Returns loaded LoRA adapters and current application status per module. Endpoint: GET /v1/list_loras
curl -sS -X GET "http://localhost:30010/v1/list_loras"
Response:
{
  "loaded_adapters": [
    { "nickname": "lora_a", "path": "/weights/lora_a.safetensors" },
    { "nickname": "lora_b", "path": "/weights/lora_b.safetensors" }
  ],
  "active": {
    "transformer": [
      {
        "nickname": "lora2",
        "path": "tarn59/pixel_art_style_lora_z_image_turbo",
        "merged": true,
        "strength": 1.0
      }
    ]
  }
}

Example: switching LoRAs

  1. Set LoRA A
curl -X POST http://localhost:30010/v1/set_lora \
  -d '{"lora_nickname": "lora_a", "lora_path": "path/to/A"}'
  1. Generate with LoRA A
Run your image or video generation requests.
  1. Unmerge LoRA A
curl -X POST http://localhost:30010/v1/unmerge_lora_weights
  1. Set LoRA B
curl -X POST http://localhost:30010/v1/set_lora \
  -d '{"lora_nickname": "lora_b", "lora_path": "path/to/B"}'
  1. Generate with LoRA B
Run your image or video generation requests with the new adapter.

Output quality

Control output quality and compression for both image and video generation through the output-quality and output-compression parameters.

Parameters

ParameterTypeDescription
output-qualitystringPreset quality level.

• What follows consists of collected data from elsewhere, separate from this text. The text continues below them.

lemma coeff_whitney_core:
  assumes "(V, E) \<in> Cnm n m"
  shows "coeff (coeff (whitney_core n V E) b) a = (if a < n then real (Nik (b + n - a - 1) (a + 1) V E) else 0)"
proof -
  have "coeff (coeff (\<Sum>t < n + 1 - kappa V F. varX^(kappa V F - 1 + t) * varY^(cyc V F + t)) b) a =
      (if a < n \<and> card F = b + n - a - 1 \<and> kappa V F \<le> a + 1 then 1 else 0)" if "F \<subseteq> E" for F
  proof -
    note F = spanning_subgraph_D[OF assms that]
    have "(kappa V F - 1 \<le> a \<and> a < kappa V F - 1 + (n + 1 - kappa V F) \<and>
          b = cyc V F + (a - (kappa V F - 1)))
        \<longleftrightarrow> (a < n \<and> card F = b + n - a - 1 \<and> kappa V F \<le> a + 1)"
      using F(1-3) Cnm_D(3)[OF assms] unfolding cyc_def by arith
    then show ?thesis
      by (simp only: coeff_diagonal_sum)
  qed
  then have "coeff (coeff (whitney_core n V E) b) a =
      (\<Sum>F\<in>Pow E. if a < n \<and> card F = b + n - a - 1 \<and> kappa V F \<le> a + 1 then 1 else 0)"
    unfolding whitney_core_def coeff_sum by (intro sum.cong) auto
  also have "\<dots> = (if a < n then real (Nik (b + n - a - 1) (a + 1) V E) else 0)"
    using Cnm_D(2)[OF assms] by (simp add: Nik_def sum.If_cases Int_def)
  finally show ?thesis .
qed

lemma sum_Pow_card_eq:
  assumes "finite A" "finite B" "card A = card B"
  shows "(\<Sum>X\<in>Pow A. f (card X)) = (\<Sum>X\<in>Pow B. f (card X))"
proof -
  obtain h where h: "bij_betw h A B"
    using finite_same_card_bij[OF assms] by auto
  have "(\<Sum>X\<in>Pow B. f (card X)) = (\<Sum>X\<in>Pow A. f (card (h ` X)))"
    using sum.reindex_bij_betw[OF bij_betw_image_Pow[OF h], of "\<lambda>X. f (card X)"] by simp
  also have "\<dots> = (\<Sum>X\<in>Pow A. f (card X))"
  proof (rule sum.cong[OF refl])
    fix X assume "X \<in> Pow A"
    then have "inj_on h X"
      using h by (auto simp: bij_betw_def intro: inj_on_subset)
    then show "f (card (h ` X)) = f (card X)"
      by (simp add: card_image)
  qed
  finally show ?thesis
    by (rule sym)
qed
lemma carriers_of_orthogonal:
  assumes x: "x \<in> A" and xy: "x * y = 0" "y * x = 0"
    and e: "is_carrier x e" and f: "is_carrier y f"
  shows "f * x = 0" "x * f = 0" "e * f = 0"
proof -
  show fx: "f * x = 0" using f x xy(2) unfolding is_carrier_def by blast
  show xf: "x * f = 0" using is_carrier_commutes[OF f x] xy fx by simp
  show "e * f = 0" using e f xf unfolding is_carrier_def by blast
qed

text \<open>The polar factor is the difference of the carriers of \<open>|a| + a\<close> and \<open>|a| - a\<close>,
  two elements whose products vanish.\<close>
lemma polar_factor_exists:
  assumes a: "a \<in> A"
  shows "\<exists>t\<in>A. (\<forall>d\<in>A. a * d = d * a \<longrightarrow> t * d = d * t)
    \<and> sabs K a * t = a \<and> t * sabs K a = a \<and> a * (1 - t * t) = 0"
proof -
  define r where "r = sabs K a"
  have rA: "r \<in> A" unfolding r_def using sabs_pos[OF a] pos_mem by blast
  have ra: "r * a = a * r" unfolding r_def using sabs_commute[OF a a] by simp
  have rr: "r * r = a * a" unfolding r_def using sabs_square[OF a] .
  define x y where "x = r + a" and "y = r - a"
  have xA: "x \<in> A" and yA: "y \<in> A" unfolding x_def y_def using rA a by (auto intro: add_mem diff_mem)
  have xy: "x * y = 0" and yx: "y * x = 0"
    unfolding x_def y_def using ra rr by (simp_all add: algebra_simps)
  obtain e f where e: "is_carrier x e" and f: "is_carrier y f"
    using is_carrier_exists xA yA by blast
  have eA: "e \<in> A" and ee: "e * e = e" and fA: "f \<in> A" and ff: "f * f = f"
    using e f unfolding is_carrier_def by auto
  note xf = carriers_of_orthogonal[OF xA xy yx e f] and ye = carriers_of_orthogonal[OF yA yx xy f e]
  note units = is_carrier_absorb[OF e xA] is_carrier_absorb[OF f yA]
  define t where "t = e - f"
  have rx: "r + r = x + y" and ax: "a + a = x - y" unfolding x_def y_def by simp_all
  have "(x + y) * t = x - y" "t * (x + y) = x - y" "(x - y) * (1 - t * t) = 0"
    unfolding t_def using xf ye units ee ff by (simp_all add: algebra_simps)
  then have "(r + r) * t = a + a" "t * (r + r) = a + a" "(a + a) * (1 - t * t) = 0"
    by (simp_all only: rx ax)
  then have "r * t + r * t = a + a" "t * r + t * r = a + a"
    "a * (1 - t * t) + a * (1 - t * t) = 0"
    by (simp_all only: distrib_left distrib_right)
  then have rt: "r * t = a" and tr: "t * r = a" and at: "a * (1 - t * t) = 0"
    using add_self_cancel[of "a * (1 - t * t)" 0] by (auto dest: add_self_cancel)
  have "t * d = d * t" if d: "d \<in> A" "a * d = d * a" for d
  proof -
    have "r * d = d * r" unfolding r_def using sabs_commute[OF a d] .
    then have "x * d = d * x" "y * d = d * y" unfolding x_def y_def using d(2) by (simp_all add: algebra_simps)
    then show ?thesis unfolding t_def using is_carrier_commutes e f d(1) by (simp add: algebra_simps)
  qed
  moreover have "t \<in> A" unfolding t_def using eA fA by (rule diff_mem)
  ultimately show ?thesis using rt tr at unfolding r_def by blast
qed

lemma
  assumes a: "a \<in> A" and a1: "carrier_of A a = 1"
  shows polar_symmetry_mem: "polar_symmetry A K a \<in> A"
    and polar_symmetry_square: "polar_symmetry A K a * polar_symmetry A K a = 1"
    and polar_symmetry_commute:
      "\<And>d. d \<in> A \<Longrightarrow> a * d = d * a \<Longrightarrow> polar_symmetry A K a * d = d * polar_symmetry A K a"
    and sabs_mult_polar_symmetry: "sabs K a * polar_symmetry A K a = a"
proof -
  obtain t where tA: "t \<in> A" and tC: "\<forall>d\<in>A. a * d = d * a \<longrightarrow> t * d = d * t"
    and rt: "sabs K a * t = a" and tr: "t * sabs K a = a" and at: "a * (1 - t * t) = 0"
    using polar_factor_exists[OF a] by blast
  have tt: "t * t = 1"
    using carrier_eq_oneD[OF a1 a diff_mem[OF one_mem square_mem[OF tA]] at] by simp
  have "signum A K a = t" unfolding signum_def
  proof (rule the_equality)
    show "t \<in> A \<and> t * t = carrier_of A a \<and> t \<in> CCset A a \<and> a = sabs K a * t \<and> a = t * sabs K a"
      using tA tC tt a1 rt tr unfolding CCset_def Cset_def commutes_def by auto
  next
    fix t' assume t': "t' \<in> A \<and> t' * t' = carrier_of A a \<and> t' \<in> CCset A a
      \<and> a = sabs K a * t' \<and> a = t' * sabs K a"
    then have "a * (t' - t) = t' * sabs K a * (t' - t)" by simp
    also have "\<dots> = t' * (sabs K a * t' - sabs K a * t)" by (simp add: algebra_simps)
    also have "\<dots> = 0" using t' rt by simp
    finally have "a * (t' - t) = 0" .
    moreover have "t' - t \<in> A" using t' tA by (blast intro: diff_mem)
    ultimately have "t' - t = 0" using carrier_eq_oneD[OF a1 a] by blast
    then show "t' = t" by simp
  qed
  moreover have "polar_symmetry A K a = signum A K a"
    unfolding polar_symmetry_def a1 orth_def by simp
  ultimately show "polar_symmetry A K a \<in> A" "polar_symmetry A K a * polar_symmetry A K a = 1"
    "\<And>d. d \<in> A \<Longrightarrow> a * d = d * a \<Longrightarrow> polar_symmetry A K a * d = d * polar_symmetry A K a"
    "sabs K a * polar_symmetry A K a = a"
    using tA tt tC rt by auto
qed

Default: "default"
output-compressionintegerDirect compression level override (0-100). When provided, takes precedence over output-quality
Quality presets:
PresetCompression value
"maximum"100
"high"90
"medium"55
"low"35
"default"Auto (50 for video, 75 for image)
  • When both output-quality and output-compression are provided, output-compression takes precedence.
  • Quality settings apply to JPEG and video formats. PNG uses lossless compression and ignores these settings.
  • Lower compression values (or "low" quality preset) produce smaller files but may show visible artifacts.